[Saved data entries]

────────

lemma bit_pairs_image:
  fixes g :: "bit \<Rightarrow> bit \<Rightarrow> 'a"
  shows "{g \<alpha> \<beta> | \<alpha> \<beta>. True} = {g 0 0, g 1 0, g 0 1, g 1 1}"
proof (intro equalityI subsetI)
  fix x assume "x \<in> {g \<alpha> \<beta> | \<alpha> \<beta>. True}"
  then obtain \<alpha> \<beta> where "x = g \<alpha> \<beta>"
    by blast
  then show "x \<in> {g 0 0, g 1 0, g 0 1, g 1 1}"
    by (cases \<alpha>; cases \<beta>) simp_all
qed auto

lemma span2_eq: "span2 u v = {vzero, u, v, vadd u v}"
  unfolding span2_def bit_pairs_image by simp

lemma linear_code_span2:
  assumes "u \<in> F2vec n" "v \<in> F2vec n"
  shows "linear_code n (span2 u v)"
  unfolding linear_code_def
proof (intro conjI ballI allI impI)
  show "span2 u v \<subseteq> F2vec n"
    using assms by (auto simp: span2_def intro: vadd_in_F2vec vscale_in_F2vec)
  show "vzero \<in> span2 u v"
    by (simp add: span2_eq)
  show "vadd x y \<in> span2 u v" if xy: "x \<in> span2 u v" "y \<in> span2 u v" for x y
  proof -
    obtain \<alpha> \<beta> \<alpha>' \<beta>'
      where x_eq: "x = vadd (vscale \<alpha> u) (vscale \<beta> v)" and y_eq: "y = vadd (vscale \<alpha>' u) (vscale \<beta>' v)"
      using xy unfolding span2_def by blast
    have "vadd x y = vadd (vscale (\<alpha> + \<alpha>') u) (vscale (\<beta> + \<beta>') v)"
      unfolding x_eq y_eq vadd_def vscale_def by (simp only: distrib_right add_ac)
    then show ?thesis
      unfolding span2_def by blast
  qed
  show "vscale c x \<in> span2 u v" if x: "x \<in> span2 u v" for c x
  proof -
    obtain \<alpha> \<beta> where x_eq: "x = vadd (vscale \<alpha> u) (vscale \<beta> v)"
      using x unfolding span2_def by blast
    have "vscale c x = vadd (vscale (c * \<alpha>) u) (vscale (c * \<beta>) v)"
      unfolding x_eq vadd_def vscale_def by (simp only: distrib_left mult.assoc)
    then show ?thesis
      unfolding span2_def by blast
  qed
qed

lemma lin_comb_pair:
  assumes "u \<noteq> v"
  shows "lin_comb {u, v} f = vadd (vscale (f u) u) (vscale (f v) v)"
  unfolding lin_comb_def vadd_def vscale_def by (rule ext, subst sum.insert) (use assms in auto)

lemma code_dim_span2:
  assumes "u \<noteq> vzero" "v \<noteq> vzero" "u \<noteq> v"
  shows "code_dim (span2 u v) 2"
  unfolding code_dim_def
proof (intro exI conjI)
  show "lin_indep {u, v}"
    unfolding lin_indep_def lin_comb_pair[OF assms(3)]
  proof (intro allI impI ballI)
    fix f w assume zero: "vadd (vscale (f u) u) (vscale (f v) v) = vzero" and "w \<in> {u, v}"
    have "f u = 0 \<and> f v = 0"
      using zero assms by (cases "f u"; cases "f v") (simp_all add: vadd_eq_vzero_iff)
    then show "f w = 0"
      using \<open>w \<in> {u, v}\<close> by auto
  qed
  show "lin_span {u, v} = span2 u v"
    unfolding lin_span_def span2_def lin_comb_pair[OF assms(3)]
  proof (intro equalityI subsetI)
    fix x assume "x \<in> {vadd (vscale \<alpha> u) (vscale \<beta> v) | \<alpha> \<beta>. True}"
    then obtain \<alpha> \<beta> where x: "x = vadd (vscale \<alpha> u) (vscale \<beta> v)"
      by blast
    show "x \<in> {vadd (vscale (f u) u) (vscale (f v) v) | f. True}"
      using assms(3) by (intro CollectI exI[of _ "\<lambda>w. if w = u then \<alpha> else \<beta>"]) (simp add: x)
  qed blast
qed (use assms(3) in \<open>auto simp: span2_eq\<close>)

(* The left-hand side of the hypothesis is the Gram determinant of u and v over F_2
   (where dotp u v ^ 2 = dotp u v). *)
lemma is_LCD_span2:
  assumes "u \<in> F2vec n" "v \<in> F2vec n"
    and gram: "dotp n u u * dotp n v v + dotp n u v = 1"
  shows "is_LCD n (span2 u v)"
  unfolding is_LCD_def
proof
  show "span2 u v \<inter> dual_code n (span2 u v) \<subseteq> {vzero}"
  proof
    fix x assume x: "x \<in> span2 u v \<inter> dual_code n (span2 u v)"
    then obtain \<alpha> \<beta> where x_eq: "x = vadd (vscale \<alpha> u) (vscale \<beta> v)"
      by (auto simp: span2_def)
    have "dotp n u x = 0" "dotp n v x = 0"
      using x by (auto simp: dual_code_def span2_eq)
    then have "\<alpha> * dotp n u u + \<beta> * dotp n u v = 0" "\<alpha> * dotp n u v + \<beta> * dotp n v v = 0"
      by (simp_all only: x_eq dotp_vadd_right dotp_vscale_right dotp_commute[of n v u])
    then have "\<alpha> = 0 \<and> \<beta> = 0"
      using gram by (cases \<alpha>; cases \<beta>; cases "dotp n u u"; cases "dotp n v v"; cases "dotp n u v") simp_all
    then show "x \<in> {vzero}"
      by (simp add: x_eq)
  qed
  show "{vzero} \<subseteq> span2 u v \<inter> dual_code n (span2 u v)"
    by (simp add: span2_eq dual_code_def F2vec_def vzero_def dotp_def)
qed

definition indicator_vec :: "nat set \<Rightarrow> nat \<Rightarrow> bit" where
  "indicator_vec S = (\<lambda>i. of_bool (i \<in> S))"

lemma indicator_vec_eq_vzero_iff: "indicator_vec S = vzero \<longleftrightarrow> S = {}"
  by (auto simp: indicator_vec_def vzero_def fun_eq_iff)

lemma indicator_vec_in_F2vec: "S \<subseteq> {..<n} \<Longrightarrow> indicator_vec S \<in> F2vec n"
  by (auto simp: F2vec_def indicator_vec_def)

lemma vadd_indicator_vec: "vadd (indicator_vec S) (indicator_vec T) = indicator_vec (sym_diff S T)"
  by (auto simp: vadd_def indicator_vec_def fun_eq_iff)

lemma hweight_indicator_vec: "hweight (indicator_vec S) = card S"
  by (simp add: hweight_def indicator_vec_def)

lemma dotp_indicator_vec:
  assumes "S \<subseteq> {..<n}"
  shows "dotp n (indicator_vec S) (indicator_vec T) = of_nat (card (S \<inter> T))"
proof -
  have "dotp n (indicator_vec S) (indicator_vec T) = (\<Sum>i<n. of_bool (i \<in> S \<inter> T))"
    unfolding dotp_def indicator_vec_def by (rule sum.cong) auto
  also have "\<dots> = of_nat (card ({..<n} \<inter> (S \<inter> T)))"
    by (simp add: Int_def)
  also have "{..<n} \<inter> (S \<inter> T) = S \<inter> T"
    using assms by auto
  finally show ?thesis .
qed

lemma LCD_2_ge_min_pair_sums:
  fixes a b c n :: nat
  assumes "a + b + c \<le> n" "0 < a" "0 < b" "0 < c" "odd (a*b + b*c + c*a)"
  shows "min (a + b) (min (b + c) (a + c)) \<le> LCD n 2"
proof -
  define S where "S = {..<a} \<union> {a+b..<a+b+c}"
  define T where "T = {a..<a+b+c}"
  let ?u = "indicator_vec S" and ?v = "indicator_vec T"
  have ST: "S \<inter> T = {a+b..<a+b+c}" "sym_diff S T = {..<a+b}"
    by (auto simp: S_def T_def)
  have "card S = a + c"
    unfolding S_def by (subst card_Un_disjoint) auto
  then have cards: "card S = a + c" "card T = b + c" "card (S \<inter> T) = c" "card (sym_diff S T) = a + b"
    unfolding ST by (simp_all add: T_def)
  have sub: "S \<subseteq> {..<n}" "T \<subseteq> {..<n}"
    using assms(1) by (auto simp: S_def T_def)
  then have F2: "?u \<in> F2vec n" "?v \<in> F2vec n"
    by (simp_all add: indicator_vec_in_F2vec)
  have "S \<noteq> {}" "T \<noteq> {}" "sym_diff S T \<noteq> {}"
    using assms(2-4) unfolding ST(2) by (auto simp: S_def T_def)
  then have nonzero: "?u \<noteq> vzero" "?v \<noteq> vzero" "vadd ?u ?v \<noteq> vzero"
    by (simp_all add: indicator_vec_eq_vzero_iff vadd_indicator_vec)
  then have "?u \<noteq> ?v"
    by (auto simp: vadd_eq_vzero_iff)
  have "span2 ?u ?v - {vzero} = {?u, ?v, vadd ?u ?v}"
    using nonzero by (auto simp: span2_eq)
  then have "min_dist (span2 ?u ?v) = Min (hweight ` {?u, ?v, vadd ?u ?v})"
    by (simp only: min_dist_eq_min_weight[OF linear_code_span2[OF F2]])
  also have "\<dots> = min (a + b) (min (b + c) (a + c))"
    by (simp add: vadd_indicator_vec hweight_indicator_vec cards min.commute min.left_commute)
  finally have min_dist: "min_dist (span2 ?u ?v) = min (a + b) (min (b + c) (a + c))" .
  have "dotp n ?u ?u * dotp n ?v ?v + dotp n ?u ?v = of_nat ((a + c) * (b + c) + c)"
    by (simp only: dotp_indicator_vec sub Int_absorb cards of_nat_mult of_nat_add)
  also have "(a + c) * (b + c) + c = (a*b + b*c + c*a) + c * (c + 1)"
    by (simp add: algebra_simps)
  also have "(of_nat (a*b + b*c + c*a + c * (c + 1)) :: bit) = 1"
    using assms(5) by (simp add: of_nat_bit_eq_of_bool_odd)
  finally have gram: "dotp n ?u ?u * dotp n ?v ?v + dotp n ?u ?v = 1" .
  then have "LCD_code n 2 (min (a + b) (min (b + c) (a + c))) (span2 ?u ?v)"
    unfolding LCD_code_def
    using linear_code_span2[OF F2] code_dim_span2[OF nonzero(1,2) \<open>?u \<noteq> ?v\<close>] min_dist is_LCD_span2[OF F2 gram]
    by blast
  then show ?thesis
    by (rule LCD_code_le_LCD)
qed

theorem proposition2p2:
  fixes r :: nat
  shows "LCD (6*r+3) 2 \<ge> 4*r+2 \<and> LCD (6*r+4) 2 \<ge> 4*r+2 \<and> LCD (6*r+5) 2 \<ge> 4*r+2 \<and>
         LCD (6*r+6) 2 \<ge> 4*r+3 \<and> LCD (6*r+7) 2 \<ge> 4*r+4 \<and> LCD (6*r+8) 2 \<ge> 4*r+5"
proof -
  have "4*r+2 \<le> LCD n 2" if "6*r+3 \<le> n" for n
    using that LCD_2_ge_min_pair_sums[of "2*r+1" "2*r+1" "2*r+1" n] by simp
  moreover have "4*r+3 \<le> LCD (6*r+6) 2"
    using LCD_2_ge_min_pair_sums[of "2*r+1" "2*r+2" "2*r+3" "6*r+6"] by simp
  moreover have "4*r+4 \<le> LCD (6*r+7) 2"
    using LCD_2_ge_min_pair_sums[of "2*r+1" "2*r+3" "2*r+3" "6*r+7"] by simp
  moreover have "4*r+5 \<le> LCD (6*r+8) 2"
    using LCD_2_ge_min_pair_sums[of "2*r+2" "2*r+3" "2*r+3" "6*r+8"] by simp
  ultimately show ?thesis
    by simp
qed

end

────────

Task objective
Among the entries, how many lines include the word "ballI"? Give only the number.

Solution to this task
2